◆ **Task details**: Across all of the records below, determine the number of lines containing the string "arcD"; reply with that number only.

━━━━━ Data supplied

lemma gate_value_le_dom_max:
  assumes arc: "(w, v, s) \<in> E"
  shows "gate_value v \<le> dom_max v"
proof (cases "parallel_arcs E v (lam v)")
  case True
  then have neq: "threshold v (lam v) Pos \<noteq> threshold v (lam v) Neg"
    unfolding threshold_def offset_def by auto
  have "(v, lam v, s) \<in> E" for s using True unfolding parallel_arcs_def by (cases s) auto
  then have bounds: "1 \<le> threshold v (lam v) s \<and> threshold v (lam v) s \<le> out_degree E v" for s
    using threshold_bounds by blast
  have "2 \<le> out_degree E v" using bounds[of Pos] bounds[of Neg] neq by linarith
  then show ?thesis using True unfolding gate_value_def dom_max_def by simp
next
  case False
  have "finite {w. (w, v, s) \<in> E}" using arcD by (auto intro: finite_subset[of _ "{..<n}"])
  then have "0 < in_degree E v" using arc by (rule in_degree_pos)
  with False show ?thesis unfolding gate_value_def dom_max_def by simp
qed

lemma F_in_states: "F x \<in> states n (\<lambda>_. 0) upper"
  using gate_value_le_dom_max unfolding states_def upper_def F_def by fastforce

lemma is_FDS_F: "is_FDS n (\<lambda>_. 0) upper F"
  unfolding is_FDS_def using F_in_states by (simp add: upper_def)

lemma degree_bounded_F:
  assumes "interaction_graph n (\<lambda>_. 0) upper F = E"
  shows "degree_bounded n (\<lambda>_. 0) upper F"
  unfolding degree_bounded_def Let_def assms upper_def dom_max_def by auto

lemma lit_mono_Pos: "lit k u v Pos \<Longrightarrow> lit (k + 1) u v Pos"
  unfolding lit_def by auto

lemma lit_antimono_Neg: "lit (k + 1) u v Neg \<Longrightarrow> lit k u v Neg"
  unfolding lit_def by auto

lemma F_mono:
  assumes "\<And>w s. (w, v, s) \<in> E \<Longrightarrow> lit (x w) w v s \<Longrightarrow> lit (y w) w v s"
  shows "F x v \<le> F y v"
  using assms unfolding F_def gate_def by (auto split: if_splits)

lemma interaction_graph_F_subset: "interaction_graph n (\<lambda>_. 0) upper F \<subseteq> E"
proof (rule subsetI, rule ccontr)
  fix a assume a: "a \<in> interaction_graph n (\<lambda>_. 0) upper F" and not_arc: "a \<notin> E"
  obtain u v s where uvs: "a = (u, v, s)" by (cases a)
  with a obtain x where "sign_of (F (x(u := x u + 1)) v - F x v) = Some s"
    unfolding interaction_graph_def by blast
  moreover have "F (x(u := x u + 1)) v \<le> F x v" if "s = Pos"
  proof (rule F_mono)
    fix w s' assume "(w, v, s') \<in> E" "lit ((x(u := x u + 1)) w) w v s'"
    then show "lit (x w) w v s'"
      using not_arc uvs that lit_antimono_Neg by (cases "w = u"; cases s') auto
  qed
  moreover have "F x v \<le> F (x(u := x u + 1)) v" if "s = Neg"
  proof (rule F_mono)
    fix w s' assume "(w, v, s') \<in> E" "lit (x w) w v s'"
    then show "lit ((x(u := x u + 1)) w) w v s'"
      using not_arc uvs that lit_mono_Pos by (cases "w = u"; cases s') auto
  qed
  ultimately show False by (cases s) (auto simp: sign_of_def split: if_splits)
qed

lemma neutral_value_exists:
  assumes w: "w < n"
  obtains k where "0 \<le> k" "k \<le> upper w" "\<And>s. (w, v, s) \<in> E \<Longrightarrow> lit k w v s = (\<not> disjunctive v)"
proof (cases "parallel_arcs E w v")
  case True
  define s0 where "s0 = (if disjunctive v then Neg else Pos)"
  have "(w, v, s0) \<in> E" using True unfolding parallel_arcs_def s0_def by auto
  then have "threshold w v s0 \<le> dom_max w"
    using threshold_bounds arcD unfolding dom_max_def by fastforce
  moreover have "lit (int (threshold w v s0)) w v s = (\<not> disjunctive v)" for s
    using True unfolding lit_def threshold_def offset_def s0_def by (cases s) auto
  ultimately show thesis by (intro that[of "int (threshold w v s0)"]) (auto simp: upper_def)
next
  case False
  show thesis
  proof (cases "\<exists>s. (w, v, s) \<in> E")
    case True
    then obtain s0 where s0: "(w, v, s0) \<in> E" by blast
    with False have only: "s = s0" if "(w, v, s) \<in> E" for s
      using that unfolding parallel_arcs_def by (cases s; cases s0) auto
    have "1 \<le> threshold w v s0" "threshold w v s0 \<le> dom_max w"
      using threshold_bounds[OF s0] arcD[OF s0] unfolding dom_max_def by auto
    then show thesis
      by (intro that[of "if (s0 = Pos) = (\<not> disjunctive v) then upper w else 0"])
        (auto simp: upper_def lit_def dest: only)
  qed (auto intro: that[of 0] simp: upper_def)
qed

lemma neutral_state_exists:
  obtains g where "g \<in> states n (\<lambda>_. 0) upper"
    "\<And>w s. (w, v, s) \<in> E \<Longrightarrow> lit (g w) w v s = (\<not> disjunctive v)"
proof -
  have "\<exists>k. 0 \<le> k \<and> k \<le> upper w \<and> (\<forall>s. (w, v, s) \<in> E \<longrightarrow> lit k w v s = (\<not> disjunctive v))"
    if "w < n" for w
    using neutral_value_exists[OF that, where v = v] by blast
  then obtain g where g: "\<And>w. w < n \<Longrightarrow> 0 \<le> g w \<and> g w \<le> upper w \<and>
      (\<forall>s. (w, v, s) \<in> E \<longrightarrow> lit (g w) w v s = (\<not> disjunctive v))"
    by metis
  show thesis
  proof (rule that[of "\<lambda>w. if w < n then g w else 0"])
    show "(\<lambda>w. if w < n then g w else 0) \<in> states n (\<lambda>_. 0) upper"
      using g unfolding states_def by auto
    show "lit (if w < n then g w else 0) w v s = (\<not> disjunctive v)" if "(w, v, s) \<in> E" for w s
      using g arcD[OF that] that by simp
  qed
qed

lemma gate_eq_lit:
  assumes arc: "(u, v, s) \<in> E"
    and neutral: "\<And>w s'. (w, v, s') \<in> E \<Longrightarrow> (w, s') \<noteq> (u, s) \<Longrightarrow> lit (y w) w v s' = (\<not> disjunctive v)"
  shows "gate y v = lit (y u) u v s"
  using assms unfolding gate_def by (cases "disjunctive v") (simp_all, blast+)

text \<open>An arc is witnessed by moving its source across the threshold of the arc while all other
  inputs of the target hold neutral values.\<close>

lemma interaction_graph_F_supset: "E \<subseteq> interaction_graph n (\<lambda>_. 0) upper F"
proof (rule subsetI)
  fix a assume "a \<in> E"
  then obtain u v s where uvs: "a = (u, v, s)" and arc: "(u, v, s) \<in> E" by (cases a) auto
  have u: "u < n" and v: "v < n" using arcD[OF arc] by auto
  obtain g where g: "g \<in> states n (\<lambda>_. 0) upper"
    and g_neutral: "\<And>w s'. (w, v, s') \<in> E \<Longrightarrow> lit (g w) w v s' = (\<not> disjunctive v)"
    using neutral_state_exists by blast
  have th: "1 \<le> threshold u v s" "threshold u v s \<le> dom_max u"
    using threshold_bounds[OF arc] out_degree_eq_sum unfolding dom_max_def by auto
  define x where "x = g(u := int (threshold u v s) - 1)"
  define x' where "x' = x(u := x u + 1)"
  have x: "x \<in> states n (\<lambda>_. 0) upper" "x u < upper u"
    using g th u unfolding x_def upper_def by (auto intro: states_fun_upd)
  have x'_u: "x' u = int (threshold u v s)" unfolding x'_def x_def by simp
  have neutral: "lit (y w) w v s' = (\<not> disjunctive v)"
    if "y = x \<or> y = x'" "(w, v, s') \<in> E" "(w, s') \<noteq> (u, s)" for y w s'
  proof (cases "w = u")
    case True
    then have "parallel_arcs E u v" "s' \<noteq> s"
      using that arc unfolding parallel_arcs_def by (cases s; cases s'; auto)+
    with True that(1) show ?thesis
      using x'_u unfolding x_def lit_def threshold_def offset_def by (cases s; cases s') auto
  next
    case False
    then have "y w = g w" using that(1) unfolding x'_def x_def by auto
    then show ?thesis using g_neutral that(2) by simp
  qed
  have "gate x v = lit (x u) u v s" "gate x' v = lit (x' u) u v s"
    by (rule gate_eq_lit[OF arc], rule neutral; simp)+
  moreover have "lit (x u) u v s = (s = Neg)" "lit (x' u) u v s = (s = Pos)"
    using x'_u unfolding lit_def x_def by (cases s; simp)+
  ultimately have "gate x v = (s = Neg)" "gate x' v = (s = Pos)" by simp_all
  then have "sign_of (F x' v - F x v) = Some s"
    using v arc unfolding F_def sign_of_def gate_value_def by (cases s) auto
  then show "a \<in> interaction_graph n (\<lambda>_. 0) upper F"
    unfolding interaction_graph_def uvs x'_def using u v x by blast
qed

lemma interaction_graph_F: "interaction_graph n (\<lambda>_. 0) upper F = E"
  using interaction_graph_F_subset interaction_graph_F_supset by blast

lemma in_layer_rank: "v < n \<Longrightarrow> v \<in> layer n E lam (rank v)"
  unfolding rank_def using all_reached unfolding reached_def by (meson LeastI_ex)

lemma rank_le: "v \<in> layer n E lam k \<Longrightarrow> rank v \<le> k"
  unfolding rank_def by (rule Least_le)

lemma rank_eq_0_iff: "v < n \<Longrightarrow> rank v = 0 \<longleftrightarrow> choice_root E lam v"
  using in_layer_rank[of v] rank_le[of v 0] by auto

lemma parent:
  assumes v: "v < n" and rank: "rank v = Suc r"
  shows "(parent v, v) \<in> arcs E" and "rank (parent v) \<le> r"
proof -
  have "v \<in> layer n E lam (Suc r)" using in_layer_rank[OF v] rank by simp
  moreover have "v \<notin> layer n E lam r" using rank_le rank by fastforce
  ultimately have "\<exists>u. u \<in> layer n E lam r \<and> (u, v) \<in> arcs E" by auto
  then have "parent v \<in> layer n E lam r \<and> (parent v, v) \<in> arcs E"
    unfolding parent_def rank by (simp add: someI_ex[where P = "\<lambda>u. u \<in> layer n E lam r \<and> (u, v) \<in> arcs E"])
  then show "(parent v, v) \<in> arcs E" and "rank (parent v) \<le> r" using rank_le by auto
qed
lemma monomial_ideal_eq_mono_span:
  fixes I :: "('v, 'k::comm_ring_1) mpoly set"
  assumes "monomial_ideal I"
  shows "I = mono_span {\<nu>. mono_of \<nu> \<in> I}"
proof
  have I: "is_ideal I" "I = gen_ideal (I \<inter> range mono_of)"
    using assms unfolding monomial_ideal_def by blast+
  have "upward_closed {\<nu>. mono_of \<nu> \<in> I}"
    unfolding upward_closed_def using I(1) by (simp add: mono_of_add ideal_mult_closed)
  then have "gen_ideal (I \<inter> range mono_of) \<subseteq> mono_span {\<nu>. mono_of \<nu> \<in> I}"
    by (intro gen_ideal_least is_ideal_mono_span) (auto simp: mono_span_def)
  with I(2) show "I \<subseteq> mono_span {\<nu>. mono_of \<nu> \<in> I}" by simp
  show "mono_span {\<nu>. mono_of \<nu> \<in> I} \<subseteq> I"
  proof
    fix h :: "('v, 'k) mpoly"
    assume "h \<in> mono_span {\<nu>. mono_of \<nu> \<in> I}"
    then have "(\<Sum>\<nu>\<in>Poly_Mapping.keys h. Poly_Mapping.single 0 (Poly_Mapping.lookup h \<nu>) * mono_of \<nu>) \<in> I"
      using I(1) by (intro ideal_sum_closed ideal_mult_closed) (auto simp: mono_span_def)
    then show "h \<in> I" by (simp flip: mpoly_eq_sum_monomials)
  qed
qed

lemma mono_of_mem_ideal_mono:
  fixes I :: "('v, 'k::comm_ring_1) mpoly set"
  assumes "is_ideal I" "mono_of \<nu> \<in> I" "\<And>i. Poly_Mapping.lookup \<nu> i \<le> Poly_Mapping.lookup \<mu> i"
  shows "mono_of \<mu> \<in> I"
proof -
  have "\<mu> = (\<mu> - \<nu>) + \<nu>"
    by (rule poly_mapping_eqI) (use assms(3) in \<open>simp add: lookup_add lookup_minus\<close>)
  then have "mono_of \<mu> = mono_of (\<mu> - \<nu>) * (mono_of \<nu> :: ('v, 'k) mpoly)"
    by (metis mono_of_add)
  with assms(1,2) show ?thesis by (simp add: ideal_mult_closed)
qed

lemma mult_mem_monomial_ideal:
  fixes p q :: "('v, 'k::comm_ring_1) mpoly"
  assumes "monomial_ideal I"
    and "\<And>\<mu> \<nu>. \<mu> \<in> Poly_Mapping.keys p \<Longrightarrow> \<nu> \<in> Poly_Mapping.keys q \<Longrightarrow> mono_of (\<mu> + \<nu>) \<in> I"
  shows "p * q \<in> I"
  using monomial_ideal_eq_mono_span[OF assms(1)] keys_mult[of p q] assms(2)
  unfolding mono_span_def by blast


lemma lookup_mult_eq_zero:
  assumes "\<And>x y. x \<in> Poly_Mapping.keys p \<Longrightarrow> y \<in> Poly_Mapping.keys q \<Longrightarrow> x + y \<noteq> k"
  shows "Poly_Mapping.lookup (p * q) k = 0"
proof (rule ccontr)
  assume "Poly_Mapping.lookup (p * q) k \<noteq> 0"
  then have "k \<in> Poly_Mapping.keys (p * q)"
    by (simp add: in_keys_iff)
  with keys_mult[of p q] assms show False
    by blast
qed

━━━━━━━━━━

◆ **Result below**: 5